Mary Patrux (born 26 January 1979) is a French television presenter and sports journalist. She presents NBA Extra since 2013 on BeIN Sports, and participates on the events broadcast on the channel.

== Early life and education ==
Mary Patrux was born in Lesquin in the department of Nord to a commercial father and a direction secretary mother. She grew up in the Lille suburb and then moved with her family to Cergy-Pontoise in the Paris region. Her father, her grandfather and her uncle were basketball players, nevertheless she practiced several sports before playing basketball. She obtained her license at the age of eight in Franconville. She evolved during all her childhood as a small forward and participated at detections at the INSEP. She acquired a reputation of a scorer, and conserved a certain admiration for players like Stephen Curry.

After three years at the Notre-Dame de la Compassion high school in Pontoise where she obtained an economic and social baccalauréat, she joined the Institut catholique de Paris from 1997 to 1999, and pursued with a degre in history at the Sorbonne Nouvelle University from 1999 to 2002. Having decided to become a sports journalist when she knew that she will not become a professional basketball player, she multiplied in parallel the internships passing by Ouest-France, BFM Radio, RTL, Infosport+, as well as the Ministry for Europe and Foreign Affairs. Consequently, she joined the Institut Pratique du Journalisme (IPJ) from 2002 to 2004, where she graduated.

== Television career ==
=== 2004–2009 : Beginnings on Eurosport ===
In 2004, while student in second year of journalism, Mary Patrux did an end-of-year internship at Eurosport. She began covering the 2004 Summer Olympics. First presenting the information bulletins live, she then completed with comments and presented reports at the occasion of special events. She stayed at Eurosport the following year. She multiplied the covered sports by notably doing field edge and presenting on stage.
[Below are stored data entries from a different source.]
lemma subcomplex_span:
  assumes "S \<subseteq> S'" "\<And>x. x \<in> S \<Longrightarrow> Poly_Mapping.keys (dbasis x) \<subseteq> S"
  shows "subcomplex {f. Poly_Mapping.keys f \<subseteq> S} {f. Poly_Mapping.keys f \<subseteq> S'}"
  unfolding subcomplex_def
proof (intro conjI ballI)
  fix f g :: "ldiag \<Rightarrow>\<^sub>0 int"
  assume "f \<in> {f. Poly_Mapping.keys f \<subseteq> S}" "g \<in> {f. Poly_Mapping.keys f \<subseteq> S}"
  then show "f - g \<in> {f. Poly_Mapping.keys f \<subseteq> S}" using keys_diff[of f g] by auto
qed (use assms keys_dd_subset in auto)

lemma dbasis_basis_map:
  assumes "\<And>x. wv (h x) = wv x" "\<And>x. comps (h x) = comps x"
    and "\<And>x v i. contract (h x) v i = h (contract x v i)"
  shows "dbasis (h x) = frag_extend (frag_of \<circ> h) (dbasis x)"
  unfolding dbasis_def
  by (simp add: frag_extend_sum comp_def csign_def assms frag_extend_cmul
      if_distrib[of "frag_extend _"] cong: if_cong)

lemma basis_map_dd:
  assumes "\<And>x. dbasis (h x) = frag_extend (frag_of \<circ> h) (dbasis x)"
  shows "frag_extend (frag_of \<circ> h) (dd f) = dd (frag_extend (frag_of \<circ> h) f)"
  by (simp add: dd_def frag_extend_frag_extend frag_extend_compose assms comp_def)

lemma chain_map_basis_map:
  assumes "h ` S \<subseteq> S'" "\<And>x. deg (h x) = deg x"
    and "\<And>x. dbasis (h x) = frag_extend (frag_of \<circ> h) (dbasis x)"
  shows "chain_map (frag_extend (frag_of \<circ> h))
           {f. Poly_Mapping.keys f \<subseteq> S} {f. Poly_Mapping.keys f \<subseteq> S'}"
proof -
  have "Poly_Mapping.keys (frag_extend (frag_of \<circ> h) f) \<subseteq> S'" if "Poly_Mapping.keys f \<subseteq> S" for f
    using keys_frag_extend_frag_of[of h f] assms(1) that by auto
  moreover have "homog n (frag_extend (frag_of \<circ> h) f)" if "homog n f" for n f
    using keys_frag_extend_frag_of[of h f] assms(2) that unfolding homog_def by auto
  moreover have "frag_extend (frag_of \<circ> h) (dd f) = dd (frag_extend (frag_of \<circ> h) f)" for f
    using assms(3) by (rule basis_map_dd)
  ultimately show ?thesis
    unfolding chain_map_def by (simp add: frag_extend_add)
qed

lemma subcomplex_image:
  assumes A: "subcomplex A B" and "F ` A \<subseteq> B"
    and F_diff: "\<And>a b. F (a - b) = F a - F b" and F_dd: "\<And>f. F (dd f) = dd (F f)"
  shows "subcomplex (F ` A) B"
  unfolding subcomplex_def
proof (intro conjI ballI)
  have "F 0 = 0" using F_diff[of 0 0] by simp
  then show "0 \<in> F ` A" using A unfolding subcomplex_def by (metis image_eqI)
next
  fix f g assume "f \<in> F ` A" "g \<in> F ` A"
  then obtain a b where "a \<in> A" "b \<in> A" "f = F a" "g = F b" by blast
  then show "f - g \<in> F ` A" using A F_diff unfolding subcomplex_def by (metis image_eqI)
next
  fix f assume "f \<in> F ` A"
  then obtain a where "a \<in> A" "f = F a" by blast
  then show "dd f \<in> F ` A" using A F_dd unfolding subcomplex_def by (metis image_eqI)
qed (use assms(2) in simp)

lemma projection_complement:
  fixes P :: "'a::ab_group_add \<Rightarrow> 'a"
  assumes P_diff: "\<And>a b. P (a - b) = P a - P b" and "P ` A \<subseteq> S"
    and P_id: "\<And>s. s \<in> S \<Longrightarrow> P s = s" and "0 \<in> A" "0 \<in> S"
  shows "S \<inter> (\<lambda>c. c - P c) ` A = {0}"
proof -
  have "c - P c = 0" if "c \<in> A" "c - P c \<in> S" for c
  proof -
    have "P c \<in> S" using that assms(2) by blast
    then have "P (c - P c) = 0" by (simp add: P_diff P_id)
    then show ?thesis using P_id that(2) by simp
  qed
  moreover have "P 0 = 0" using P_diff[of 0 0] by simp
  ultimately show ?thesis using assms(4,5) by (auto intro: image_eqI[of 0 _ 0])
qed

section \<open>Contraction of a boundary segment\<close>

fun walk :: "pt set set \<Rightarrow> nat list \<Rightarrow> pt \<Rightarrow> seg list \<Rightarrow> pt \<Rightarrow> bool" where
  "walk C ks p [] q = samecomp C p q"
| "walk C ks p (s # g) q = (samecomp C p (seg_src ks s) \<and> walk C ks (seg_tgt ks s) g q)"

definition seg_in_range :: "nat list \<Rightarrow> seg \<Rightarrow> bool" where
  "seg_in_range ks s = (case s of (w, m, fw) \<Rightarrow> w < length ks \<and> m < ks ! w)"

abbreviation reduced :: "seg list \<Rightarrow> bool" where
  "reduced \<equiv> successively (\<lambda>s t. t \<noteq> seg_inv s)"

lemma samecomp_trans:
  "pairwise disjnt C \<Longrightarrow> samecomp C p q \<Longrightarrow> samecomp C q r \<Longrightarrow> samecomp C p r"
  unfolding pairwise_def disjnt_def samecomp_def by blast

lemma walk_conv:
  "walk C ks p g q \<longleftrightarrow>
     (if g = [] then samecomp C p q
      else samecomp C p (seg_src ks (hd g)) \<and> samecomp C (seg_tgt ks (last g)) q \<and>
        successively (\<lambda>s t. samecomp C (seg_tgt ks s) (seg_src ks t)) g)"
  by (induction g arbitrary: p) (auto simp: successively_Cons)

lemma walk_samecomp_trans:
  "pairwise disjnt C \<Longrightarrow> samecomp C p q \<Longrightarrow> walk C ks q g r \<Longrightarrow> walk C ks p g r"
  by (cases g) (auto intro: samecomp_trans)

lemma seg_src_inv [simp]: "seg_src ks (seg_inv s) = seg_tgt ks s"
  and seg_tgt_inv [simp]: "seg_tgt ks (seg_inv s) = seg_src ks s"
  by (cases s; auto simp: seg_src_def seg_tgt_def seg_inv_def)+

lemma freduce_Nil [simp]: "freduce [] = []"
  by (simp add: freduce_def)

lemma freduce_Cons:
  "freduce (s # g) = (case freduce g of [] \<Rightarrow> [s] | t # r \<Rightarrow> if t = seg_inv s then r else s # t # r)"
  by (simp add: freduce_def split: list.split)

lemma set_freduce: "set (freduce g) \<subseteq> set g"
  by (induction g) (auto simp: freduce_Cons split: list.split)

lemma reduced_freduce: "reduced (freduce g)"
  by (induction g) (auto simp: freduce_Cons successively_Cons split: list.split)

lemma walk_freduce: "pairwise disjnt C \<Longrightarrow> walk C ks p g q \<Longrightarrow> walk C ks p (freduce g) q"
proof (induction g arbitrary: p)
  case (Cons s g)
  then have src: "samecomp C p (seg_src ks s)" and rest: "walk C ks (seg_tgt ks s) (freduce g) q"
    by auto
  show ?case
  proof (cases "freduce g")
    case (Cons t r)
    show ?thesis
    proof (cases "t = seg_inv s")
      case True
      then have "walk C ks (seg_src ks s) r q" using rest Cons by simp
      then show ?thesis
        using True Cons src walk_samecomp_trans[OF \<open>pairwise disjnt C\<close>] by (simp add: freduce_Cons)
    qed (use src rest Cons in \<open>simp add: freduce_Cons\<close>)
  qed (use src rest in \<open>simp add: freduce_Cons\<close>)
qed simp

lemma valid_loop_iff:
  assumes "samecomp C (Leaf j) (Leaf j)"
  shows "valid_loop ks C j g \<longleftrightarrow>
    (\<forall>s\<in>set g. seg_in_range ks s) \<and> walk C ks (Leaf j) g (Leaf j) \<and> reduced g"
  unfolding valid_loop_def walk_conv successively_conv_nth seg_in_range_def
  using assms by auto

lemma Suc_mod_if: "m < k \<Longrightarrow> Suc m mod k = (if Suc m = k then 0 else Suc m)"
  by auto

lemma new_idx_less: "2 \<le> k \<Longrightarrow> i < k \<Longrightarrow> m < k \<Longrightarrow> new_idx k i m < k - 1"
  unfolding new_idx_def by auto

lemma new_idx_surj:
  assumes "i < k" "m' < k - 1"
  shows "\<exists>m<k. new_idx k i m = m'"
proof (cases "m' \<le> i")
  case True
  then show ?thesis using assms by (intro exI[of _ m']) (auto simp: new_idx_def)
next
  case False
  then show ?thesis using assms by (intro exI[of _ "Suc m'"]) (auto simp: new_idx_def)
qed

lemma new_idx_eq_imp:
  "2 \<le> k \<Longrightarrow> i < k \<Longrightarrow> m < k \<Longrightarrow> m' < k \<Longrightarrow>
   new_idx k i m = new_idx k i m' \<Longrightarrow> m \<noteq> m' \<Longrightarrow>
   m \<in> {i, Suc i mod k} \<and> m' \<in> {i, Suc i mod k}"
  unfolding new_idx_def by (auto simp: Suc_mod_if split: if_splits)

lemma new_idx_merge: "2 \<le> k \<Longrightarrow> i < k \<Longrightarrow> new_idx k i i = new_idx k i (Suc i mod k)"
  unfolding new_idx_def by (auto simp: Suc_mod_if)

lemma new_idx_segment:
  "2 \<le> k \<Longrightarrow> i < k \<Longrightarrow> m < k \<Longrightarrow> m \<noteq> i \<Longrightarrow>
   new_idx k i m = (if i < m then m - 1 else m) \<and>
   new_idx k i (Suc m mod k) = Suc (if i < m then m - 1 else m) mod (k - 1)"
  unfolding new_idx_def by (auto simp: Suc_mod_if)

lemma HE_in_points [simp]: "HE w m \<in> points n1 m1 m2 ks \<longleftrightarrow> w < length ks \<and> m < ks ! w"
  by (auto simp: points_def)

lemma Leaf_in_points [simp]: "Leaf l \<in> points n1 m1 m2 ks \<longleftrightarrow> 1 \<le> l \<and> l \<le> n1 + m1 + m2"
  by (auto simp: points_def)

lemma finite_points: "finite (points n1 m1 m2 ks)"
proof -
  have "{HE v i |v i. v < length ks \<and> i < ks ! v} = (\<lambda>(v, i). HE v i) ` (SIGMA v:{..<length ks}. {..<ks ! v})"
    by auto
  moreover have "{Leaf l |l. 1 \<le> l \<and> l \<le> n1 + m1 + m2} = Leaf ` {1..n1 + m1 + m2}" by auto
  ultimately show ?thesis unfolding points_def by simp
qed

definition shift_seg :: "nat \<Rightarrow> nat \<Rightarrow> seg \<Rightarrow> seg" where
  "shift_seg v i s = (case s of (w, m, fw) \<Rightarrow> if w = v \<and> i < m then (w, m - 1, fw) else (w, m, fw))"

lemma del_seg_Nil [simp]: "del_seg v i [] = []"
  by (simp add: del_seg_def)

lemma del_seg_Cons:
  "del_seg v i (s # g) =
   (if fst s = v \<and> fst (snd s) = i then del_seg v i g else shift_seg v i s # del_seg v i g)"
  by (cases s) (simp add: del_seg_def shift_seg_def)

locale contraction =
  fixes n1 m1 n2 m2 :: nat and x :: ldiag and v i :: nat
  assumes valid: "x \<in> valid_ld n1 m1 n2 m2" and v_less: "v < length (wv x)" and i_less: "i < wv x ! v"
    and nondegenerate: "\<not> samecomp (comps x) (HE v i) (HE v (Suc i mod (wv x ! v)))"
begin

abbreviation "ks \<equiv> wv x"
abbreviation "cs \<equiv> comps x"
abbreviation "kv \<equiv> ks ! v"
abbreviation "ha \<equiv> HE v i"
abbreviation "hb \<equiv> HE v (Suc i mod kv)"
abbreviation "ren \<equiv> ren_pt kv v i"
abbreviation "ks' \<equiv> ks[v := kv - 1]"
abbreviation "pts \<equiv> points n1 m1 m2 ks"
abbreviation "pts' \<equiv> points n1 m1 m2 ks'"
abbreviation "merged \<equiv> {B\<in>cs. ha \<in> B \<or> hb \<in> B}"
abbreviation "blocks \<equiv> (cs - merged) \<union> {\<Union>merged}"
abbreviation "cs' \<equiv> contract_comps ks cs v i"

lemma length_ks: "length ks = n2"
  and ks_pos: "\<And>w. w < n2 \<Longrightarrow> 1 \<le> ks ! w"
  and Union_cs: "\<Union>cs = pts"
  and disjoint_cs: "pairwise disjnt cs"
  and block_cs: "\<And>B. B \<in> cs \<Longrightarrow> 2 \<le> card B \<and> (\<exists>v i. HE v i \<in> B)"
  and connected_cs: "\<And>w w'. w < n2 \<Longrightarrow> w' < n2 \<Longrightarrow> (w, w') \<in> (wconn cs)\<^sup>*"
  using valid unfolding valid_ld_def valid_diag_def pairwise_def disjnt_def by auto

lemma ha_in_pts: "ha \<in> pts"
  using v_less i_less by simp

lemma two_le_kv: "2 \<le> kv"
proof (rule ccontr)
  assume "\<not> 2 \<le> kv"
  moreover have "1 \<le> kv" using ks_pos v_less length_ks by auto
  ultimately have "kv = 1" by simp
  then have "hb = ha" using i_less by simp
  moreover obtain B where "B \<in> cs" "ha \<in> B" using ha_in_pts Union_cs by blast
  ultimately show False using nondegenerate unfolding samecomp_def by auto
qed

lemma hb_in_pts: "hb \<in> pts"
  using v_less two_le_kv by simp

lemma ren_HE: "ren (HE w m) = (if w = v then HE v (new_idx kv i m) else HE w m)"
  and ren_Leaf [simp]: "ren (Leaf l) = Leaf l"
  by (simp_all add: ren_pt_def)

lemma ren_ha_hb: "ren ha = ren hb"
  using new_idx_merge[OF two_le_kv i_less] by (simp add: ren_HE)

lemma ren_pts: "ren ` pts = pts'"
proof
  show "ren ` pts \<subseteq> pts'"
  proof
    fix p assume "p \<in> ren ` pts"
    then obtain q where "q \<in> pts" "p = ren q" by auto
    then show "p \<in> pts'"
      using new_idx_less[OF two_le_kv i_less] by (cases q) (auto simp: ren_HE nth_list_update v_less)
  qed
next
  show "pts' \<subseteq> ren ` pts"
  proof
    fix p assume p: "p \<in> pts'"
    show "p \<in> ren ` pts"
    proof (cases p)
      case (HE w m')
      show ?thesis
      proof (cases "w = v")
        case True
        then have "m' < kv - 1" using p HE by (simp add: nth_list_update v_less)
        then obtain m where "m < kv" "new_idx kv i m = m'" using new_idx_surj[OF i_less] by blast
        then show ?thesis using HE True v_less by (intro image_eqI[of _ _ "HE v m"]) (auto simp: ren_HE)
      next
        case False
        then show ?thesis using HE p by (intro image_eqI[of _ _ "HE w m'"]) (auto simp: ren_HE nth_list_update v_less)
      qed
    next
      case (Leaf l)
      then show ?thesis using p by (intro image_eqI[of _ _ "Leaf l"]) auto
    qed
  qed
qed

lemma ren_eq_imp:
  assumes "p \<in> pts" "q \<in> pts" "ren p = ren q" "p \<noteq> q"
  shows "p \<in> {ha, hb} \<and> q \<in> {ha, hb}"
proof (cases p; cases q)
  fix w m w' m' assume p: "p = HE w m" and q: "q = HE w' m'"
  then have "w = w'" using assms by (auto simp: ren_HE split: if_splits)
  show ?thesis
  proof (cases "w = v")
    case True
    then have "m < kv" "m' < kv" "new_idx kv i m = new_idx kv i m'" "m \<noteq> m'"
      using assms p q \<open>w = w'\<close> by (auto simp: ren_HE)
    from new_idx_eq_imp[OF two_le_kv i_less this] show ?thesis using p q True \<open>w = w'\<close> by auto
  qed (use assms p q \<open>w = w'\<close> in \<open>auto simp: ren_HE\<close>)
qed (use assms in \<open>auto simp: ren_HE split: if_splits\<close>)

lemma inj_on_ren: "B \<subseteq> pts \<Longrightarrow> hb \<notin> B \<Longrightarrow> inj_on ren B"
proof (rule inj_onI, rule ccontr)
  fix p q assume "B \<subseteq> pts" "hb \<notin> B" "p \<in> B" "q \<in> B" "ren p = ren q" "p \<noteq> q"
  then show False using ren_eq_imp[of p q] by auto
qed

lemma cs'_eq: "cs' = (\<lambda>B. ren ` B) ` blocks"
  by (simp add: contract_comps_def Let_def)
=== 2009–2012 : Presenter on L'Équipe TV ===
After five years at Eurosport, Mary Patrux joined in September 2009 L'Équipe TV to present La matinale week-end. Three months later, she presented Forum l'Équipe, a weekly program where she meets sportsmen such as Nikola Karabatic, Alain Boghossian, Laura Flessel, Tony Parker and even Jean Alesi. She also presented Week-end Live.

=== 2012–present : Presenter on BeIN Sports ===
In early 2012, Charles Biétry proposed her to join BeIN Sports, still on project. Mary Patrux participated at the construction of the channel intervening on the hiring, the program schedule and even the choice of the program names. She appeared the day of the official launch of the channel five months after her arrival. She presented during the year the programs the Euroshow and Le Grand Stade in company of Darren Tulett then of Marie Portolano for the second the year after.

In 2013, Mary Patrux began presenting NBA Extra, a daily program about the news of the NBA. The consultant Jacques Monclar stated that she was a "good compromise between good mood and professionalism". She also treated on the air two other sports than basketball, which include handball with among others the world championships, the Europe championships, the trophies of the Ligue nationale de handball, and swimming. She participated more generally at big events like the Olympic Games and the tennis Grand Slams.

In 2019, Mary Patrux was approached by the sports direction of France Télévisions to replace Flore Maréchal on presenting Tout le sport, co-hosting Stade 2 and intervening at the events, but the transfer did not happen and she finally stayed on BeIN Sports, still presenting NBA Extra and big events.

== Personal life ==
Mary Patrux is married to Olivier Canton, rugby journalist on Eurosport. They have two children, a daughter named Louise and a son named Paul.